The value in a mailing list

In June of 2008 there was a small stink on the Crux mailing list, because a little program called pinentry was refusing to build. It was dragging in dependencies from the xorg group, and people using programs that depended on gnupg were suddenly drawing in a mess of X-related packages.

For most people that wouldn’t matter, but for the original author it seemed ridiculous. In that case, it was a server running ketchup, and I think I can sympathize. Or at least, for a desktop machine running only console programs, it seems equally ridiculous.

And that’s the bracket I found myself in this evening when I wanted to install gnupg, and suddenly I lacked requisite dependences because of the trickle-down through pinentry. It bounced around in my brain for a little bit, before I said, “Wasn’t there a ruckus about this on the mailing list once … ?”

And sure enough, I rifled through my old mailing list updates, and there it was, along with a link to a divergent Pkgfile that didn’t rely on X software. And so that’s what I’m building now.

The moral of the story: Subscribe to the mailing list of your choice.
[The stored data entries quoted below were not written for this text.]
(* Let $b\ge2$, $d\ge1$, $\Lambda_b=\{0,1,\dots,b-1\}^d$, and let $T$ be a supercritical Galton–Watson tree with alphabet $\Lambda_b$ and binomial offspring distribution with parameter $p$. For $k\ge2$ let $\mathscr{D}_{b,k}=\{X\subseteq(\Lambda_b)^k:\exists a\in(\Lambda_b)^{k-2},\ a(\Lambda_b)^2\subseteq X\}$ and $g_{\mathscr{D}_{b,k}}(s)=\mathbb{P}(T_k^{(s)}\notin\mathscr{D}_{b,k})$. Then for every $s\in(0,1)$, $g_{\mathscr{D}_{b,k}}(s)\to\mathbb{P}(\text{extinction})$ as $k\to\infty$.
   Context: The Galton–Watson tree with offspring distribution $W$, where $\mathbb{P}(W=B)=p^{|B|}(1-p)^{|\Lambda_b\setminus B|}$ for $B\subseteq\Lambda_b$, is $T_0=\{\emptyset\}$, $T_n=\{aj:a\in T_{n-1},j\in W_a\}$ with independent copies $W_a$; supercritical means $pb^d>1$; extinction means $T_n=\emptyset$ for some $n$. $a(\Lambda_b)^2=\{aj:j\in(\Lambda_b)^2\}$. $T_k^{(s)}=T_k\cap Y$ with $Y\subseteq(\Lambda_b)^k$ independent of $T$, $\mathbb{P}(Y=B)=(1-s)^{|B|}s^{|(\Lambda_b)^k\setminus B|}$. *)

theory Defs
  imports "HOL-Probability.Probability"
begin

definition alphabet :: "nat \<Rightarrow> nat \<Rightarrow> nat list set" where
  "alphabet b d = {x. length x = d \<and> set x \<subseteq> {..<b}}"

definition words :: "nat \<Rightarrow> nat \<Rightarrow> nat \<Rightarrow> nat list list set" where
  "words b d k = {w. length w = k \<and> set w \<subseteq> alphabet b d}"

text \<open>Probability space of the tree: an independent Bernoulli(p) coin for every word a j,
  so that W_a = {j in Lambda_b. coin (a @ [j])} are independent copies of W with
  P(W = B) = p^|B| (1-p)^|Lambda_b - B|.\<close>
definition gw_space :: "real \<Rightarrow> (nat list list \<Rightarrow> bool) measure" where
  "gw_space p = PiM UNIV (\<lambda>_. measure_pmf (bernoulli_pmf p))"

fun gw_gen :: "nat \<Rightarrow> nat \<Rightarrow> (nat list list \<Rightarrow> bool) \<Rightarrow> nat \<Rightarrow> nat list list set" where
  "gw_gen b d \<omega> 0 = {[]}"
| "gw_gen b d \<omega> (Suc n) =
     {a @ [j] | a j. a \<in> gw_gen b d \<omega> n \<and> j \<in> alphabet b d \<and> \<omega> (a @ [j])}"

definition extinction_prob :: "nat \<Rightarrow> nat \<Rightarrow> real \<Rightarrow> real" where
  "extinction_prob b d p = measure (gw_space p) {\<omega>. \<exists>n. gw_gen b d \<omega> n = {}}"

text \<open>Random subset Y of (Lambda_b)^k, independent of T: each word kept independently
  with probability 1-s, so P(Y = B) = (1-s)^|B| s^|(Lambda_b)^k - B|.\<close>
definition Y_space :: "real \<Rightarrow> (nat list list \<Rightarrow> bool) measure" where
  "Y_space s = PiM UNIV (\<lambda>_. measure_pmf (bernoulli_pmf (1 - s)))"

definition Yset :: "nat \<Rightarrow> nat \<Rightarrow> nat \<Rightarrow> (nat list list \<Rightarrow> bool) \<Rightarrow> nat list list set" where
  "Yset b d k \<eta> = {w \<in> words b d k. \<eta> w}"

definition Dfam :: "nat \<Rightarrow> nat \<Rightarrow> nat \<Rightarrow> nat list list set set" where
  "Dfam b d k = {X. X \<subseteq> words b d k \<and>
      (\<exists>a \<in> words b d (k - 2). {a @ v | v. v \<in> words b d 2} \<subseteq> X)}"

definition gD :: "nat \<Rightarrow> nat \<Rightarrow> real \<Rightarrow> nat \<Rightarrow> real \<Rightarrow> real" where
  "gD b d p k s = measure (gw_space p \<Otimes>\<^sub>M Y_space s)
      {(\<omega>, \<eta>). gw_gen b d \<omega> k \<inter> Yset b d k \<eta> \<notin> Dfam b d k}"

end

theory Submission
  imports Defs
begin

text \<open>
  Both "T is extinct
  by generation n" and "T_k^(s) contains no block a (Lambda_b)^2" hold exactly when the same
  event, one level lower, holds for the subtree of every child of the root that is born. These
  subtrees are independent copies of the whole configuration, so both probabilities are iterates
  of the offspring generating function f(x) = (1 - p + p x)^(b^d): extinction by generation n has
  probability f^n(0), and g_D at level k + 2 is f^k applied to its value at level 2, which is
  below 1. As f is strictly convex with f'(1) = p b^d > 1, it has only one fixed point below 1
  and lies below the diagonal between that point and 1; hence the iterates of every starting
  point in [0,1) converge to the limit of f^n(0), the extinction probability.
\<close>

section \<open>Independent coins indexed by words\<close>

definition bernoulli_field :: "real \<Rightarrow> ('a list \<Rightarrow> bool) measure" where
  "bernoulli_field q = PiM UNIV (\<lambda>_. measure_pmf (bernoulli_pmf q))"

definition subtree :: "'a \<Rightarrow> ('a list \<Rightarrow> 'b) \<Rightarrow> 'a list \<Rightarrow> 'b" where
  "subtree j \<omega> = (\<lambda>w. \<omega> (j # w))"

lemma space_bernoulli_field [simp]: "space (bernoulli_field q) = UNIV"
  by (simp add: bernoulli_field_def space_PiM)

lemma prob_space_bernoulli_field: "prob_space (bernoulli_field q)"
  unfolding bernoulli_field_def by (intro prob_space_PiM) (simp add: prob_space_measure_pmf)

lemma UNIV_in_sets_bernoulli_field [simp]: "UNIV \<in> sets (bernoulli_field q)"
  using sets.top[of "bernoulli_field q"] by simp

lemma emeasure_bernoulli_field_UNIV [simp]: "emeasure (bernoulli_field q) UNIV = 1"
  using prob_space.emeasure_space_1[OF prob_space_bernoulli_field] by simp

lemma measurable_subtree [measurable]:
  "subtree j \<in> measurable (bernoulli_field q) (bernoulli_field q)"
  unfolding bernoulli_field_def subtree_def
  by (intro measurable_PiM_single') (auto simp: space_PiM)

lemma measurable_bernoulli_field_component:
  "(\<lambda>\<omega>. \<omega> w) \<in> measurable (bernoulli_field q) (measure_pmf (bernoulli_pmf q))"
  unfolding bernoulli_field_def by (rule measurable_component_singleton) simp

lemma measurable_bernoulli_field_component_count_space [measurable]:
  "(\<lambda>\<omega>. \<omega> w) \<in> measurable (bernoulli_field q) (count_space UNIV)"
proof -
  have "measurable (bernoulli_field q) (measure_pmf (bernoulli_pmf q))
      = measurable (bernoulli_field q) (count_space UNIV)"
    by (rule measurable_cong_sets) auto
  then show ?thesis
    using measurable_bernoulli_field_component by simp
qed

lemma sets_bernoulli_field_cylinder:
  assumes "finite W"
  shows "{\<omega>. \<forall>w\<in>W. \<omega> w} \<in> sets (bernoulli_field q)"
proof -
  have "Measurable.pred (bernoulli_field q) (\<lambda>\<omega>. \<forall>w\<in>W. \<omega> w)"
    using assms by measurable
  then show ?thesis
    by (simp add: pred_def)
qed

lemma emeasure_bernoulli_field_cylinder:
  assumes "finite W" and "0 \<le> q" "q \<le> 1"
  shows "emeasure (bernoulli_field q :: ('a list \<Rightarrow> bool) measure) {\<omega>. \<forall>w\<in>W. \<omega> w} = ennreal q ^ card W"
proof -
  interpret product_prob_space "\<lambda>_. measure_pmf (bernoulli_pmf q)" "UNIV :: 'a list set"
    by unfold_locales
  have "emeasure (bernoulli_field q :: ('a list \<Rightarrow> bool) measure) {\<omega>. \<forall>w\<in>W. \<omega> w}
      = emeasure (PiM UNIV (\<lambda>_::'a list. measure_pmf (bernoulli_pmf q)))
          {\<omega> \<in> space (PiM UNIV (\<lambda>_. measure_pmf (bernoulli_pmf q))). \<forall>w\<in>W. \<omega> w \<in> {True}}"
    by (simp add: bernoulli_field_def space_PiM)
  also have "\<dots> = (\<Prod>w\<in>W. emeasure (measure_pmf (bernoulli_pmf q)) {True})"
    using assms(1) by (intro emeasure_PiM_Collect) auto
  finally show ?thesis
    using assms(2,3) by (simp add: emeasure_pmf_single)
qed

lemma distr_subtree: "distr (bernoulli_field q) (bernoulli_field q) (subtree j) = bernoulli_field q"
proof -
  have "distr (PiM UNIV (\<lambda>_. measure_pmf (bernoulli_pmf q))) (PiM UNIV (\<lambda>_. measure_pmf (bernoulli_pmf q)))
      (\<lambda>\<omega>. \<lambda>w\<in>UNIV. \<omega> (j # w)) = PiM UNIV (\<lambda>_. measure_pmf (bernoulli_pmf q))"
    by (rule distr_PiM_reindex) (auto simp: prob_space_measure_pmf inj_on_def)
  then show ?thesis
    by (simp add: subtree_def[abs_def] bernoulli_field_def restrict_UNIV)
qed

lemma indep_vars_bernoulli_field_components:
  "prob_space.indep_vars (bernoulli_field q) (\<lambda>_. measure_pmf (bernoulli_pmf q)) (\<lambda>w \<omega>. \<omega> w) UNIV"
proof -
  interpret prob_space "bernoulli_field q" by (rule prob_space_bernoulli_field)
  have component: "distr (bernoulli_field q) (measure_pmf (bernoulli_pmf q)) (\<lambda>\<omega>. \<omega> w)
      = measure_pmf (bernoulli_pmf q)" for w
    unfolding bernoulli_field_def by (rule distr_PiM_component) (simp_all add: prob_space_measure_pmf)
  have "distr (bernoulli_field q) (PiM UNIV (\<lambda>_. measure_pmf (bernoulli_pmf q))) (\<lambda>\<omega>. \<lambda>w\<in>UNIV. \<omega> w)
      = PiM UNIV (\<lambda>w. distr (bernoulli_field q) (measure_pmf (bernoulli_pmf q)) (\<lambda>\<omega>. \<omega> w))"
    unfolding component restrict_UNIV by (simp add: distr_id flip: bernoulli_field_def)
  then show ?thesis
    by (subst indep_vars_iff_distr_eq_PiM) (simp_all add: measurable_bernoulli_field_component)
qed

lemma indep_vars_subtree: "prob_space.indep_vars (bernoulli_field q) (\<lambda>_. bernoulli_field q) subtree L"
proof -
  interpret prob_space "bernoulli_field q" by (rule prob_space_bernoulli_field)
  define K where "K j = range (Cons j)" for j :: 'a
  have "indep_vars (\<lambda>j. PiM (K j) (\<lambda>_. measure_pmf (bernoulli_pmf q))) (\<lambda>j \<omega>. restrict \<omega> (K j)) L"
    by (rule indep_vars_restrict[OF indep_vars_bernoulli_field_components])
      (auto simp: K_def disjoint_family_on_def)
  then have "indep_vars (\<lambda>_. bernoulli_field q) (\<lambda>j \<omega>. subtree j (restrict \<omega> (K j))) L"
  proof (rule indep_vars_compose2)
    fix j
    show "subtree j \<in> measurable (PiM (K j) (\<lambda>_. measure_pmf (bernoulli_pmf q))) (bernoulli_field q)"
      unfolding bernoulli_field_def subtree_def
      by (intro measurable_PiM_single' measurable_component_singleton) (auto simp: K_def space_PiM)
  qed
  then show ?thesis
    by (rule indep_vars_cong[THEN iffD1, rotated 3]) (auto simp: K_def subtree_def fun_eq_iff)
qed

lemma nn_integral_prod_subtree:
  assumes "finite L" and [measurable]: "\<And>j. j \<in> L \<Longrightarrow> g j \<in> borel_measurable (bernoulli_field q)"
  shows "(\<integral>\<^sup>+\<omega>. (\<Prod>j\<in>L. g j (subtree j \<omega>)) \<partial>bernoulli_field q)
    = (\<Prod>j\<in>L. \<integral>\<^sup>+\<omega>. g j \<omega> \<partial>bernoulli_field q)"
proof -
  interpret prob_space "bernoulli_field q" by (rule prob_space_bernoulli_field)
  have "indep_vars (\<lambda>_. borel) (\<lambda>j \<omega>. g j (subtree j \<omega>)) L"
    using indep_vars_subtree by (rule indep_vars_compose2) measurable
  then have "(\<integral>\<^sup>+\<omega>. (\<Prod>j\<in>L. g j (subtree j \<omega>)) \<partial>bernoulli_field q)
      = (\<Prod>j\<in>L. \<integral>\<^sup>+\<omega>. g j (subtree j \<omega>) \<partial>bernoulli_field q)"
    using indep_vars_nn_integral[OF \<open>finite L\<close>] by simp
  also have "\<dots> = (\<Prod>j\<in>L. \<integral>\<^sup>+\<omega>. g j \<omega> \<partial>distr (bernoulli_field q) (bernoulli_field q) (subtree j))"
    by (intro prod.cong refl nn_integral_distr[symmetric]) auto
  finally show ?thesis
    by (simp add: distr_subtree)
qed

lemma emeasure_subtrees_in:
  assumes "finite L" and sets: "\<And>j. j \<in> L \<Longrightarrow> C j \<in> sets (bernoulli_field q)"
  shows "emeasure (bernoulli_field q) {\<eta>. \<forall>j\<in>L. subtree j \<eta> \<in> C j}
    = (\<Prod>j\<in>L. emeasure (bernoulli_field q) (C j))"
proof -
  have indicator_eq: "indicator {\<eta>. \<forall>j\<in>L. subtree j \<eta> \<in> C j} \<eta>
      = (\<Prod>j\<in>L. indicator (C j) (subtree j \<eta>) :: ennreal)" for \<eta>
    using \<open>finite L\<close> by (auto simp: indicator_def prod_zero_iff)
  have "{\<eta>. \<forall>j\<in>L. subtree j \<eta> \<in> C j} \<in> sets (bernoulli_field q)"
  proof -
    have "Measurable.pred (bernoulli_field q) (\<lambda>\<eta>. \<forall>j\<in>L. subtree j \<eta> \<in> C j)"
      using \<open>finite L\<close> sets by measurable
    then show ?thesis by (simp add: pred_def)
  qed
  then have "emeasure (bernoulli_field q) {\<eta>. \<forall>j\<in>L. subtree j \<eta> \<in> C j}
      = (\<integral>\<^sup>+\<eta>. (\<Prod>j\<in>L. indicator (C j) (subtree j \<eta>)) \<partial>bernoulli_field q)"
    by (simp flip: indicator_eq)
  also have "\<dots> = (\<Prod>j\<in>L. emeasure (bernoulli_field q) (C j))"
    using sets by (subst nn_integral_prod_subtree[OF \<open>finite L\<close>]) auto
  finally show ?thesis .
qed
Even if you never contribute to it, and even if you don’t read it in detail, it’s another valuable resource.

2 thoughts on “The value in a mailing list

  1. armornick

    I can’t help but wondering, and consequently asking, what pinentry does that requires x.org?

    I’m sorry if this is a stupid question, but I’m too lazy to google it today 😉 .

    Reply
  2. Tilman

    The pinentry package comes with GUIs written in GTK and Qt (maybe more?).
    Not sure why it doesn’t just disable them if libx11 is missing. Maybe it even does and the CRUX port just does something bad[tm].